Media losing its credibility: Delhi Union of Journalists

National, Mon, 06 Oct 2008 IANS

New Delhi, Oct 3 (IANS) Taking a hard look at media reports on the Jamia Nagar episode over the past few weeks, after two suspected terrorists and a Delhi Police Inspector were killed in a police shootout Sep 19, the Delhi Union of Journalists (DUJ) prepared an interim report which was released in the capital Friday.

 

Pointing out discrepancies in various media over reporting of facts, S.K.Pande, president of DUJ said that in what can be seen as a growing trend - albeit a dangerous one, verification of facts is quite often overlooked by reporters these days.

 

 

'To state an example, the Times of India said that there were 25 firing rounds by the police and eight by the 'terrorists'. The Indian Express, the Hindu, Dainik Hindustan, Punjab Kesari and Rashtriya Sahara say that the police fired 22 rounds. They were all silent about the rounds fired by the suspects,' Pande said.

 

 

'Whether it's the time of the shootout, the duration, the number of policemen present at that time or the number of bullets that hit Police Inspector M.C. Sharma - different media have different versions.
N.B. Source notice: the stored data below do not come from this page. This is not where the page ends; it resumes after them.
lemma finite_seqs: "finite (seqs q n)"
  unfolding seqs_def using finite_lists_length_eq[of "{0..<q}" n] by (simp add: conj_commute)

lemma seqs_0: "seqs q 0 = {[]}"
  unfolding seqs_def by auto

lemma sum_seqs_Suc:
  "(\<Sum>x\<in>seqs q (Suc k). f x) = (\<Sum>b<q. \<Sum>w\<in>seqs q k. f (b # w))"
proof -
  have "seqs q (Suc k) = (\<lambda>(b, w). b # w) ` ({..<q} \<times> seqs q k)"
    unfolding seqs_def by (auto simp: length_Suc_conv image_iff)
  then have "(\<Sum>x\<in>seqs q (Suc k). f x) = (\<Sum>(b, w)\<in>{..<q} \<times> seqs q k. f (b # w))"
    by (simp add: sum.reindex inj_on_def case_prod_beta)
  then show ?thesis
    by (simp add: sum.cartesian_product)
qed

lemma sum_seqs_deletion_count_Cons:
  fixes g :: "nat \<Rightarrow> real"
  assumes ay: "set (a # y) \<subseteq> {0..<q}" and "g 0 = 0"
  defines "c \<equiv> deletion_count y (a # y)"
  shows "(\<Sum>x\<in>seqs q (Suc (Suc (length y))). g (deletion_count (a # y) x)) =
    (\<Sum>w\<in>seqs q (Suc (length y)). g (deletion_count y w)) - g c + g (Suc c) + (real q - 1) * g 1"
proof -
  let ?W = "seqs q (Suc (length y))"
  let ?F = "\<lambda>b. \<Sum>w\<in>?W. g (deletion_count (a # y) (b # w))"
  have ay_W: "a # y \<in> ?W" and a: "a < q"
    using ay by (auto simp: seqs_def)
  have other: "?F b = g 1" if "b \<noteq> a" for b
  proof -
    have "?F b = (\<Sum>w\<in>?W. if w = a # y then g 1 else 0)"
      using that \<open>g 0 = 0\<close> by (intro sum.cong) (auto simp: deletion_count_Cons)
    then show ?thesis
      using ay_W finite_seqs by simp
  qed
  have "?F a = (\<Sum>w\<in>?W. g (deletion_count y w) +
      (if w = a # y then g (Suc (deletion_count y w)) - g (deletion_count y w) else 0))"
    by (intro sum.cong) (auto simp: deletion_count_Cons)
  also have "\<dots> = (\<Sum>w\<in>?W. g (deletion_count y w)) + (g (Suc c) - g c)"
    using ay_W finite_seqs by (simp add: sum.distrib c_def)
  finally have same: "?F a = (\<Sum>w\<in>?W. g (deletion_count y w)) - g c + g (Suc c)"
    by simp
  have "(\<Sum>x\<in>seqs q (Suc (Suc (length y))). g (deletion_count (a # y) x)) = (\<Sum>b<q. ?F b)"
    by (simp add: sum_seqs_Suc)
  also have "\<dots> = ?F a + (\<Sum>b\<in>{..<q} - {a}. ?F b)"
    using a by (subst sum.remove[of _ a]) auto
  also have "(\<Sum>b\<in>{..<q} - {a}. ?F b) = (real q - 1) * g 1"
    using a by (simp add: other of_nat_diff)
  finally show ?thesis
    by (simp add: same)
qed

lemma sum_seqs_deletion_count:
  fixes g :: "nat \<Rightarrow> real"
  assumes "set y \<subseteq> {0..<q}" and "g 0 = 0"
  shows "(\<Sum>x\<in>seqs q (Suc (length y)). g (deletion_count y x)) =
    (\<Sum>r\<leftarrow>rlp y. g (Suc r) - real (Suc r) * g 1) + real (Suc (length y)) * real q * g 1"
  using assms(1)
proof (induction y)
  case Nil
  then show ?case
    by (simp add: sum_seqs_Suc seqs_0 deletion_count_Nil)
next
  case (Cons a y)
  define t where "t = length (takeWhile (\<lambda>z. z = a) y)"
  have "(\<Sum>r\<leftarrow>rlp (a # y). g (Suc r) - real (Suc r) * g 1) =
      (\<Sum>r\<leftarrow>rlp y. g (Suc r) - real (Suc r) * g 1)
        - (g (Suc t) - real (Suc t) * g 1) + (g (Suc (Suc t)) - real (Suc (Suc t)) * g 1)"
    unfolding t_def by (rule sum_list_rlp_Cons) simp
  with Cons sum_seqs_deletion_count_Cons[of a y q g] \<open>g 0 = 0\<close> show ?case
    by (simp add: deletion_count_Cons_self t_def algebra_simps del: rlp.simps)
qed

lemma entropy_of_counts:
  fixes c :: "'a \<Rightarrow> real"
  assumes total: "(\<Sum>x\<in>A. c x) = N" and "N > 0"
  shows "- (\<Sum>x\<in>A. let p = c x / N in if p = 0 then 0 else p * log b p)
    = log b N - (\<Sum>x\<in>A. c x * log b (c x)) / N"
proof -
  have summand: "(let p = c x / N in if p = 0 then 0 else p * log b p)
      = c x * log b (c x) / N - c x / N * log b N" for x
    using \<open>N > 0\<close> by (cases "c x = 0") (simp_all add: log_divide algebra_simps)
  have "(\<Sum>x\<in>A. c x / N * log b N) = log b N"
    using \<open>N > 0\<close> by (simp add: sum_distrib_right[symmetric] sum_divide_distrib[symmetric] total)
  then show ?thesis
    by (simp add: summand sum_subtractf sum_divide_distrib[symmetric])
qed

lemma H_in_del_1:
  assumes "q \<ge> 1" and y: "y \<in> seqs q m"
  shows "H_in_del q (Suc m) 1 y = log 2 (real (Suc m) * real q)
     - (\<Sum>r\<leftarrow>rlp y. (real r + 1) * log 2 (real r + 1)) / (real (Suc m) * real q)"
proof -
  define N where "N = real (Suc m) * real q"
  define c where "c x = real (deletion_count y x)" for x
  let ?X = "seqs q (Suc m)"
  have len: "length y = m" and set_y: "set y \<subseteq> {0..<q}"
    using y by (auto simp: seqs_def)
  have "N > 0"
    using \<open>q \<ge> 1\<close> by (simp add: N_def)
  have del_prob: "del_prob (Suc m) 1 x y = c x / real (Suc m)" if "x \<in> ?X" for x
    using that len by (simp add: del_prob_def c_def seqs_def omega_eq_deletion_count)
  have total: "(\<Sum>x\<in>?X. c x) = N"
    using sum_seqs_deletion_count[OF set_y, of real] len by (simp add: c_def N_def)
  have "(\<Sum>x\<in>?X. del_prob (Suc m) 1 x y) = (\<Sum>x\<in>?X. c x) / real (Suc m)"
    unfolding sum_divide_distrib using del_prob by (intro sum.cong) auto
  then have "(\<Sum>x\<in>?X. del_prob (Suc m) 1 x y) = real q"
    by (simp add: total N_def)
  then have posterior: "posterior q (Suc m) 1 y x = c x / N" if "x \<in> ?X" for x
    using that del_prob by (simp add: posterior_def N_def)
  have "(\<Sum>x\<in>?X. c x * log 2 (c x)) = (\<Sum>r\<leftarrow>rlp y. (real r + 1) * log 2 (real r + 1))"
    using sum_seqs_deletion_count[OF set_y, of "\<lambda>k. real k * log 2 (real k)"] len
    by (simp add: c_def add.commute)
  moreover have "H_in_del q (Suc m) 1 y =
      - (\<Sum>x\<in>?X. let p = c x / N in if p = 0 then 0 else p * log 2 p)"
    unfolding H_in_del_def by (simp only: posterior cong: sum.cong)
  moreover have "\<dots> = log 2 N - (\<Sum>x\<in>?X. c x * log 2 (c x)) / N"
    using \<open>N > 0\<close> by (intro entropy_of_counts total)
  ultimately show ?thesis
    by (simp add: N_def)
qed

theorem theorem1:
  fixes q n :: nat and y :: "nat list"
  assumes "q \<ge> 2" and "n \<ge> 1" and "y \<in> seqs q (n - 1)"
  shows "(\<forall>y' \<in> seqs q (n - 1). mset (rlp y') = mset (rlp y)
            \<longrightarrow> H_in_del q n 1 y' = H_in_del q n 1 y)
       \<and> H_in_del q n 1 y = log 2 (real n * real q)
            - (1 / (real n * real q)) *
              (\<Sum>i<num_runs y. (real (rlp y ! i) + 1) * log 2 (real (rlp y ! i) + 1))"
proof -
  let ?f = "\<lambda>r::nat. (real r + 1) * log 2 (real r + 1)"
  have H: "H_in_del q n 1 z = log 2 (real n * real q) - (\<Sum>r\<leftarrow>rlp z. ?f r) / (real n * real q)"
    if "z \<in> seqs q (n - 1)" for z
    using H_in_del_1[of q z "n - 1"] that assms(1,2) by simp
  have runs_mset: "(\<Sum>r\<leftarrow>rlp z. ?f r) = (\<Sum>r\<in>#mset (rlp z). ?f r)" for z :: "nat list"
    by (simp flip: sum_mset_sum_list)
  have runs_nth: "(\<Sum>i<num_runs y. ?f (rlp y ! i)) = (\<Sum>r\<leftarrow>rlp y. ?f r)"
    by (simp add: num_runs_def sum_list_sum_nth atLeast0LessThan)
  show ?thesis
  proof (intro conjI ballI impI)
    fix y' assume "y' \<in> seqs q (n - 1)" and "mset (rlp y') = mset (rlp y)"
    then show "H_in_del q n 1 y' = H_in_del q n 1 y"
      using H assms(3) by (simp add: runs_mset)
  next
    show "H_in_del q n 1 y = log 2 (real n * real q) - (1 / (real n * real q)) *
        (\<Sum>i<num_runs y. ?f (rlp y ! i))"
      unfolding runs_nth H[OF assms(3)] by simp
  qed
qed

end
At least in the initial reportage, the source of the information was the same, the police. Then why the difference? ' he asked.

 

 

Agreeing with Pande, veteran journalist Kuldip Nayar said that because of instances such as these the 'media is losing its credibility'.

 

 

The interim report, which will be followed by a more detailed one later, was a result of intense discussion among 15 members of the DUJ and its Ethics Council, scanning of the various media - both print and electronic, and visits to the Jamia Nagar area by three members who spoke to the residents of the area.

 

 

'The purpose of this report is not to pass a judgement on the shootout, whether it was a fake one or not. The aim was to analyse the role of the media in handling such serious issues. In the age of fast news and 24/7 news channels, unfortunately we sometimes resort to hyping of news,' Pande said.

 

 

The report said: 'The Hindustan Times, for instance, Sep 20 ran a story 'India's Bin Laden was a good boy in school' on alleged terrorist Abdus Subhan Qureshi. The story did not warrant that headline'.

 

 

'By and large, the press has forsaken the use of such prefixes like alleged and suspected in front of names of those who have been arrested and killed. Television reports have been even more blatant with such words simply missing from the language used by reporters and anchors'.

 

 

The report also had words of praise for certain media like the Veer Arjun which on Sep 20 gave a detailed description of the operation that is at variance with the versions in the other papers.

 

 

DUJ now plans to send the report to the National Commission of Protection of Child Rights (NCPCR), among others.

 

 

'There were four-five children, all between the age of 10-17 who were picked up for questioning by the Police. One of the boys killed in the shoot out was 17 and branded as a terrorist in most papers even before any proof could be established against them. Are the NCPCR looking into the matter? We are going to send this report to the NCPCR and see what their reaction is,' Pande said.